Meredith Golden says that finding your soulmate on Tinder is easy, as long as you swear off one vice. It isn’t cigarettes or cheese fries. It’s slimmer, sneakier. That cardinal sin: the exclamation point. “Punctuation should not be excessive, especially in an opening message,” said Golden, who ghostwrites for those struggling on the dating apps. She has seen too many hopes dashed by an overly enthusiastic greeting.
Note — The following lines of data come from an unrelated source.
(* Let $p$ be a prime, $A$ a torsion-free $\mathbb{Z}_{(p)}$-algebra, $\mathfrak a\subseteq A$ a divided-power ideal, $P,Q\in A[X]$ monic, and $N\ge1$. If $p_n(P)\equiv p_n(Q)\pmod{n\mathfrak a}$ for all $1\le n\le N$, then $e_n(P)\equiv e_n(Q)\pmod{\mathfrak a}$ for all $1\le n\le N$.
   Context: An ideal $\mathfrak a$ of a torsion-free $\mathbb{Z}_{(p)}$-algebra $A$ is a divided-power ideal if $a^p\in p\,\mathfrak a$ for all $a\in\mathfrak a$ (equivalently $a^k/k!\in\mathfrak a$ in $A\otimes\mathbb{Q}$ for all $a\in\mathfrak a$, $k\ge1$). For a monic $P=X^d+a_1X^{d-1}+\dots+a_d\in A[X]$: $e_0(P)=1$, $e_n(P)=(-1)^na_n$ for $1\le n\le d$, $e_n(P)=0$ for $n>d$; and $p_n(P)$ for $n\ge1$ is defined by Newton's identities $p_n(P)=\sum_{i=1}^{n-1}(-1)^{i-1}e_i(P)p_{n-i}(P)+(-1)^{n-1}n\,e_n(P)$ (for $A$ a domain, the $n$-th power sum of the roots of $P$ with multiplicity). $n\mathfrak a=\{na:a\in\mathfrak a\}$. *)

theory Defs
  imports "HOL-Computational_Algebra.Polynomial"
begin

definition is_ideal :: "'a::comm_ring_1 set \<Rightarrow> bool" where
  "is_ideal I \<longleftrightarrow> 0 \<in> I \<and> (\<forall>x\<in>I. \<forall>y\<in>I. x + y \<in> I) \<and> (\<forall>r. \<forall>x\<in>I. r * x \<in> I)"

definition nat_smul_set :: "nat \<Rightarrow> 'a::comm_ring_1 set \<Rightarrow> 'a set" where
  "nat_smul_set n I = {of_nat n * a | a. a \<in> I}"

definition zp_algebra :: "nat \<Rightarrow> 'a::comm_ring_1 itself \<Rightarrow> bool" where
  "zp_algebra p _ \<longleftrightarrow> (\<forall>m::nat. \<not> p dvd m \<longrightarrow> (\<exists>y::'a. of_nat m * y = 1))"

definition torsion_free :: "'a::comm_ring_1 itself \<Rightarrow> bool" where
  "torsion_free _ \<longleftrightarrow> (\<forall>(m::nat) (x::'a). m \<noteq> 0 \<longrightarrow> of_nat m * x = 0 \<longrightarrow> x = 0)"

definition divided_power_ideal :: "nat \<Rightarrow> 'a::comm_ring_1 set \<Rightarrow> bool" where
  "divided_power_ideal p I \<longleftrightarrow> is_ideal I \<and> (\<forall>a\<in>I. a ^ p \<in> nat_smul_set p I)"

text \<open>e_n(P) for P = X^d + a_1 X^(d-1) + ... + a_d, with a_n = coeff P (d - n).\<close>
definition esym :: "'a::comm_ring_1 poly \<Rightarrow> nat \<Rightarrow> 'a" where
  "esym P n = (if n = 0 then 1 else if n \<le> degree P then (-1) ^ n * coeff P (degree P - n) else 0)"

text \<open>List [p_1(P), ..., p_n(P)] defined by Newton's identities.\<close>
fun psums :: "'a::comm_ring_1 poly \<Rightarrow> nat \<Rightarrow> 'a list" where
  "psums P 0 = []"
| "psums P (Suc n) = (let ps = psums P n; m = Suc n in
     ps @ [(\<Sum>i=1..<m. (-1) ^ (i - 1) * esym P i * ps ! (m - i - 1))
           + (-1) ^ (m - 1) * of_nat m * esym P m])"

definition psum :: "'a::comm_ring_1 poly \<Rightarrow> nat \<Rightarrow> 'a" where
  "psum P n = psums P n ! (n - 1)"

end

theory Submission
  imports Defs "HOL-Computational_Algebra.Formal_Power_Series"
begin
lemma dist_shrink_disjoint:
  assumes "0 \<le> t" "U \<inter> U' = {}" "x \<in> shrink t U" "y \<in> shrink t U'"
  shows "t < dist x y"
proof -
  obtain e where e: "t < e" "ball x e \<subseteq> U"
    using assms(3) unfolding shrink_def by auto
  have "y \<notin> ball x e"
    using e(2) assms(2,4) shrink_subset[OF assms(1)] by blast
  then show ?thesis
    using e(1) by simp
qed

definition nested_colored_coverings ::
    "nat \<Rightarrow> real \<Rightarrow> real \<Rightarrow> real \<Rightarrow> nat set \<Rightarrow> (nat \<Rightarrow> nat \<Rightarrow> 'a::metric_space set set) \<Rightarrow> bool" where
  "nested_colored_coverings n c0 \<delta> r A \<U> \<longleftrightarrow>
     card A = n + 1 \<and>
     (\<forall>j\<ge>1. open_covering (\<Union>a\<in>A. \<U> j a) \<and> (\<forall>a\<in>A. disjoint (\<U> j a))) \<and>
     (\<forall>j\<ge>1. ereal (\<delta> * r ^ j) \<le> mesh (\<Union>a\<in>A. \<U> j a) \<and>
             mesh (\<Union>a\<in>A. \<U> j a) \<le> ereal (r ^ j) \<and>
             Leb (\<Union>a\<in>A. \<U> j a) \<ge> ereal c0 * mesh (\<Union>a\<in>A. \<U> j a)) \<and>
     (\<forall>i j. 1 \<le> j \<and> j < i \<longrightarrow> inscribed (\<Union>a\<in>A. \<U> i a) (\<Union>a\<in>A. \<U> j a)) \<and>
     (\<forall>a\<in>A. separated (\<Union>j\<in>{1..}. \<U> j a))"

locale colored_Lebesgue_scales =
  fixes n :: nat and c r :: real and F :: "nat \<Rightarrow> nat \<Rightarrow> 'a::metric_space set set"
  assumes c_pos: "0 < c" and c_le_1: "c \<le> 1" and r_pos: "0 < r" and r_small: "r < c / 8"
    and colored_cover: "\<And>k. 1 \<le> k \<Longrightarrow> colored_Lebesgue_cover n (c * (r ^ k / 2)) (r ^ k / 2) (F k)"
    and annulus_point: "\<And>\<tau> (z::'a). 0 < \<tau> \<Longrightarrow> \<tau> \<le> r \<Longrightarrow> \<exists>w. c * \<tau> / 2 \<le> dist z w \<and> dist z w \<le> \<tau>"
begin

definition piece :: "nat \<Rightarrow> nat \<Rightarrow> 'a set set" where
  "piece k i = shrink (c * r ^ k / 4) ` F k i"

definition pieces :: "nat \<Rightarrow> (nat \<times> 'a set) set" where
  "pieces i = {(k, W) | k W. 1 \<le> k \<and> W \<in> piece k i}"

definition cover :: "nat \<Rightarrow> nat \<Rightarrow> 'a set set" where
  "cover j i = (\<lambda>W. cluster (pieces i) (j, W)) ` piece j i"

lemma shrink_radius_nonneg: "0 \<le> c * r ^ k / 4"
  using c_pos r_pos by simp

lemma dist_piece:
  assumes "1 \<le> k" "W \<in> piece k i" "x \<in> W" "y \<in> W"
  shows "dist x y \<le> r ^ k / 2"
proof -
  obtain U where U: "U \<in> F k i" "W = shrink (c * r ^ k / 4) U"
    using assms(2) unfolding piece_def by blast
  then have "x \<in> U" "y \<in> U"
    using shrink_subset[OF shrink_radius_nonneg] assms(3,4) by auto
  moreover have "\<forall>U\<in>F k i. \<forall>x\<in>U. \<forall>y\<in>U. dist x y \<le> r ^ k / 2"
    using colored_cover[OF assms(1)] unfolding colored_Lebesgue_cover_def by blast
  ultimately show ?thesis
    using U(1) by blast
qed

lemma separated_piece:
  assumes "1 \<le> k" "W \<in> piece k i" "W' \<in> piece k i" "W \<noteq> W'" "x \<in> W" "y \<in> W'"
  shows "2 * r ^ Suc k < dist x y"
proof -
  obtain U U' where U: "U \<in> F k i" "W = shrink (c * r ^ k / 4) U"
    and U': "U' \<in> F k i" "W' = shrink (c * r ^ k / 4) U'"
    using assms(2,3) unfolding piece_def by blast
  have "disjoint (F k i)"
    using colored_cover[OF assms(1)] unfolding colored_Lebesgue_cover_def by blast
  moreover have "U \<noteq> U'"
    using U(2) U'(2) assms(4) by auto
  ultimately have "U \<inter> U' = {}"
    using U(1) U'(1) unfolding disjoint_def pairwise_def disjnt_def by blast
  then have "c * r ^ k / 4 < dist x y"
    using dist_shrink_disjoint[OF shrink_radius_nonneg] U U' assms(5,6) by blast
  moreover have "2 * r ^ Suc k < c * r ^ k / 4"
  proof -
    have "2 * r * r ^ k < c / 4 * r ^ k"
      using r_small r_pos by (intro mult_strict_right_mono) auto
    then show ?thesis
      by simp
  qed
  ultimately show ?thesis
    by linarith
qed

lemma multiscale_family_pieces: "multiscale_family (pieces i) r"
proof
  show "0 < r" "r \<le> 1 / 4"
    using r_pos r_small c_le_1 by auto
next
  fix k W x y assume "(k, W) \<in> pieces i" "x \<in> W" "y \<in> W"
  then show "dist x y \<le> r ^ k / 2"
    using dist_piece unfolding pieces_def by blast
next
  fix k W W' x y assume "(k, W) \<in> pieces i" "(k, W') \<in> pieces i" "W \<noteq> W'" "x \<in> W" "y \<in> W'"
  then show "2 * r ^ Suc k < dist x y"
    using separated_piece unfolding pieces_def by blast
qed

lemma open_pieces: "q \<in> pieces i \<Longrightarrow> open (snd q)"
  unfolding pieces_def piece_def using open_shrink by auto

lemma cover_memE:
  assumes "X \<in> cover j i" "1 \<le> j"
  obtains W where "(j, W) \<in> pieces i" "X = cluster (pieces i) (j, W)"
  using assms unfolding cover_def pieces_def by auto

lemma ball_in_cover:
  assumes "1 \<le> j"
  shows "\<exists>i\<le>n. \<exists>X\<in>cover j i. ball z (c * r ^ j / 8) \<subseteq> X"
proof -
  obtain i U where U: "i \<le> n" "U \<in> F j i" "ball z (c * (r ^ j / 2)) \<subseteq> U"
    using colored_cover[OF assms] unfolding colored_Lebesgue_cover_def by blast
  have "c * r ^ j / 8 + c * r ^ j / 4 < c * (r ^ j / 2)"
    using c_pos r_pos by simp
  then have "ball z (c * r ^ j / 8) \<subseteq> shrink (c * r ^ j / 4) U"
    by (rule ball_subset_shrink[OF U(3)])
  moreover have "shrink (c * r ^ j / 4) U \<subseteq> cluster (pieces i) (j, shrink (c * r ^ j / 4) U)"
    using subset_cluster[of "(j, _)"] by simp
  ultimately show ?thesis
    using U(1,2) unfolding cover_def piece_def by blast
qed

end

context colored_Lebesgue_scales
begin

lemma UN_cover_memE:
  assumes "X \<in> (\<Union>i\<in>I. cover j i)" "1 \<le> j"
  obtains i W where "(j, W) \<in> pieces i" "X = cluster (pieces i) (j, W)"
proof -
  from assms(1) obtain i where "X \<in> cover j i"
    by blast
  from this assms(2) obtain W where "(j, W) \<in> pieces i" "X = cluster (pieces i) (j, W)"
    by (rule cover_memE)
  then show thesis
    by (rule that)
qed

lemma open_covering_cover:
  assumes "1 \<le> j"
  shows "open_covering (\<Union>i\<le>n. cover j i)"
  unfolding open_covering_def
proof (intro conjI ballI)
  fix X assume "X \<in> (\<Union>i\<le>n. cover j i)"
  then obtain i W where "(j, W) \<in> pieces i" "X = cluster (pieces i) (j, W)"
    using assms by (rule UN_cover_memE)
  then show "open X"
    using open_cluster[OF open_pieces] by simp
next
  show "\<Union>(\<Union>i\<le>n. cover j i) = UNIV"
  proof (intro set_eqI iffI)
    fix z :: 'a
    obtain i X where "i \<le> n" "X \<in> cover j i" "ball z (c * r ^ j / 8) \<subseteq> X"
      using ball_in_cover[OF assms] by blast
    moreover have "z \<in> ball z (c * r ^ j / 8)"
      using c_pos r_pos by simp
    ultimately show "z \<in> \<Union>(\<Union>i\<le>n. cover j i)"
      by blast
  qed simp
qed
lemma intervalicity_UN_le:
  assumes "finite I" "\<And>i. i \<in> I \<Longrightarrow> finite (A i)"
  shows "intervalicity (\<Union>i\<in>I. A i) \<le> (\<Sum>i\<in>I. intervalicity (A i))"
proof -
  have "run_starts (\<Union>i\<in>I. A i) \<subseteq> (\<Union>i\<in>I. run_starts (A i))"
    unfolding run_starts_def by blast
  then have "card (run_starts (\<Union>i\<in>I. A i)) \<le> card (\<Union>i\<in>I. run_starts (A i))"
    using assms by (intro card_mono) (auto simp: finite_run_starts)
  also have "\<dots> \<le> (\<Sum>i\<in>I. card (run_starts (A i)))" by (rule card_UN_le[OF assms(1)])
  finally show ?thesis using assms by (simp add: intervalicity_eq_card_run_starts)
qed

definition maximal_run :: "nat set \<Rightarrow> nat \<Rightarrow> nat set" where
  "maximal_run A s = {x. s \<le> x \<and> {s..x} \<subseteq> A}"

lemma maximal_run_subset: "maximal_run A s \<subseteq> A"
  unfolding maximal_run_def by auto

lemma UN_maximal_runs: "(\<Union>s\<in>run_starts A. maximal_run A s) = A"
  using run_start_below maximal_run_subset unfolding maximal_run_def by fastforce

lemma maximal_run_eq_atLeastAtMost:
  assumes "finite A" "s \<in> A"
  obtains e where "s \<le> e" "e \<in> A" "maximal_run A s = {s..e}"
proof -
  have fin: "finite (maximal_run A s)" using assms(1) maximal_run_subset finite_subset by blast
  have "s \<in> maximal_run A s" using assms(2) unfolding maximal_run_def by auto
  then have e: "Max (maximal_run A s) \<in> maximal_run A s" using fin by (intro Max_in) auto
  then have "maximal_run A s = {s..Max (maximal_run A s)}"
    using Max_ge[OF fin] unfolding maximal_run_def by auto
  moreover have "s \<le> Max (maximal_run A s)" using e unfolding maximal_run_def by simp
  ultimately show ?thesis using e maximal_run_subset[of A s] that by blast
qed

lemma intervalicity_image_prefix_le_hpw:
  assumes "i \<le> fst \<pi>"
  shows "intervalicity (snd \<pi> ` {1..i}) \<le> hpw \<pi>"
proof (cases "i = 0")
  case True then show ?thesis by (simp add: intervalicity_eq_card_run_starts run_starts_def)
next
  case False
  have "snd ` {(j, snd \<pi> j) | j. j \<in> {1..i}} = snd \<pi> ` {1..i}" by force
  then have "intervalicity (snd \<pi> ` {1..i}) \<le> grid_complexity {(j, snd \<pi> j) | j. j \<in> {1..i}}"
    unfolding grid_complexity_def intv_y_def by simp
  also have "\<dots> \<le> hpw \<pi>"
    unfolding hpw_def using assms False by (intro Max_ge) auto
  finally show ?thesis .
qed

lemma intervalicity_image_interval_le:
  assumes "is_perm \<pi>" "1 \<le> s" "s \<le> e" "e \<le> fst \<pi>"
  shows "intervalicity (snd \<pi> ` {s..e}) \<le> 2 * hpw \<pi>"
proof -
  have "inj (snd \<pi>)" using assms(1) permutes_inj unfolding is_perm_def by blast
  moreover have "{s..e} = {1..e} - {1..s-1}" using assms(2) by auto
  ultimately have "snd \<pi> ` {s..e} = snd \<pi> ` {1..e} - snd \<pi> ` {1..s-1}"
    by (simp add: image_set_diff)
  then have "intervalicity (snd \<pi> ` {s..e})
      \<le> intervalicity (snd \<pi> ` {1..e}) + intervalicity (snd \<pi> ` {1..s-1})"
    by (simp add: intervalicity_diff_le)
  also have "\<dots> \<le> hpw \<pi> + hpw \<pi>"
    using assms by (intro add_mono intervalicity_image_prefix_le_hpw) auto
  finally show ?thesis by simp
qed

lemma intv_y_le_hpw_intv_x:
  assumes "is_perm \<pi>" "S \<subseteq> diagram \<pi>"
  shows "intv_y S \<le> 2 * hpw \<pi> * intv_x S"
proof -
  define X where "X = fst ` S"
  have X_sub: "X \<subseteq> {1..fst \<pi>}" using assms(2) unfolding X_def diagram_def by auto
  then have fin: "finite X" using finite_subset by blast
  have fin_runs: "finite (snd \<pi> ` maximal_run X s)" for s
    using fin maximal_run_subset by (meson finite_imageI finite_subset)
  have "snd ` S = snd \<pi> ` X" using assms(2) unfolding X_def diagram_def by force
  also have "\<dots> = snd \<pi> ` (\<Union>s\<in>run_starts X. maximal_run X s)" by (simp only: UN_maximal_runs)
  also have "\<dots> = (\<Union>s\<in>run_starts X. snd \<pi> ` maximal_run X s)" by (rule image_UN)
  finally have "intv_y S \<le> (\<Sum>s\<in>run_starts X. intervalicity (snd \<pi> ` maximal_run X s))"
    unfolding intv_y_def using intervalicity_UN_le[OF finite_run_starts[OF fin] fin_runs] by simp
  also have "\<dots> \<le> (\<Sum>s\<in>run_starts X. 2 * hpw \<pi>)"
  proof (rule sum_mono)
    fix s assume s: "s \<in> run_starts X"
    then have "s \<in> X" by (simp add: run_starts_def)
    then obtain e where e: "s \<le> e" "e \<in> X" "maximal_run X s = {s..e}"
      using maximal_run_eq_atLeastAtMost[OF fin] by metis
    have "1 \<le> s" "e \<le> fst \<pi>" using X_sub \<open>s \<in> X\<close> \<open>e \<in> X\<close> by auto
    then show "intervalicity (snd \<pi> ` maximal_run X s) \<le> 2 * hpw \<pi>"
      using e assms(1) by (simp add: intervalicity_image_interval_le)
  qed
  also have "\<dots> = 2 * hpw \<pi> * intv_x S"
    using fin by (simp add: intv_x_def X_def intervalicity_eq_card_run_starts)
  finally show ?thesis .
qed

theorem mainTheorem11:
  fixes C :: "(nat \<times> (nat \<Rightarrow> nat)) set"
  assumes "perm_class C" and "bounded_hpw C"
  shows "\<exists>\<alpha>::real. \<forall>\<pi>\<in>C. \<forall>S. S \<subseteq> diagram \<pi> \<longrightarrow>
           real (intv_y S) \<le> \<alpha> * real (intv_x S)"
proof -
  obtain B where B: "\<forall>\<pi>\<in>C. hpw \<pi> \<le> B" using assms(2) bounded_hpw_def by auto
  have "real (intv_y S) \<le> real (2 * B) * real (intv_x S)" if "\<pi> \<in> C" "S \<subseteq> diagram \<pi>" for \<pi> S
  proof -
    have "intv_y S \<le> 2 * hpw \<pi> * intv_x S"
      using assms(1) that by (intro intv_y_le_hpw_intv_x) (auto simp: perm_class_def)
    also have "\<dots> \<le> 2 * B * intv_x S" using B that(1) by simp
    finally show ?thesis by (metis of_nat_le_iff of_nat_mult)
  qed
  then show ?thesis by (intro exI[of _ "real (2 * B)"]) blast
qed

end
Conveniently, her rules also apply to the workplace. The sly devil is just as loathsome in the office, where it has been said to ring unprofessional. So much so that Tami Reiss, a product strategist, created a Gmail plug-in called Just Not Sorry, that alerts users when they’ve exceeded the appropriate number of marks (two) in a work email.
“This isn’t Vegas on a girls trip,” said Reiss. “The triple exclamation point is great when your best friend just got engaged, but at work, it can come off as juvenile.”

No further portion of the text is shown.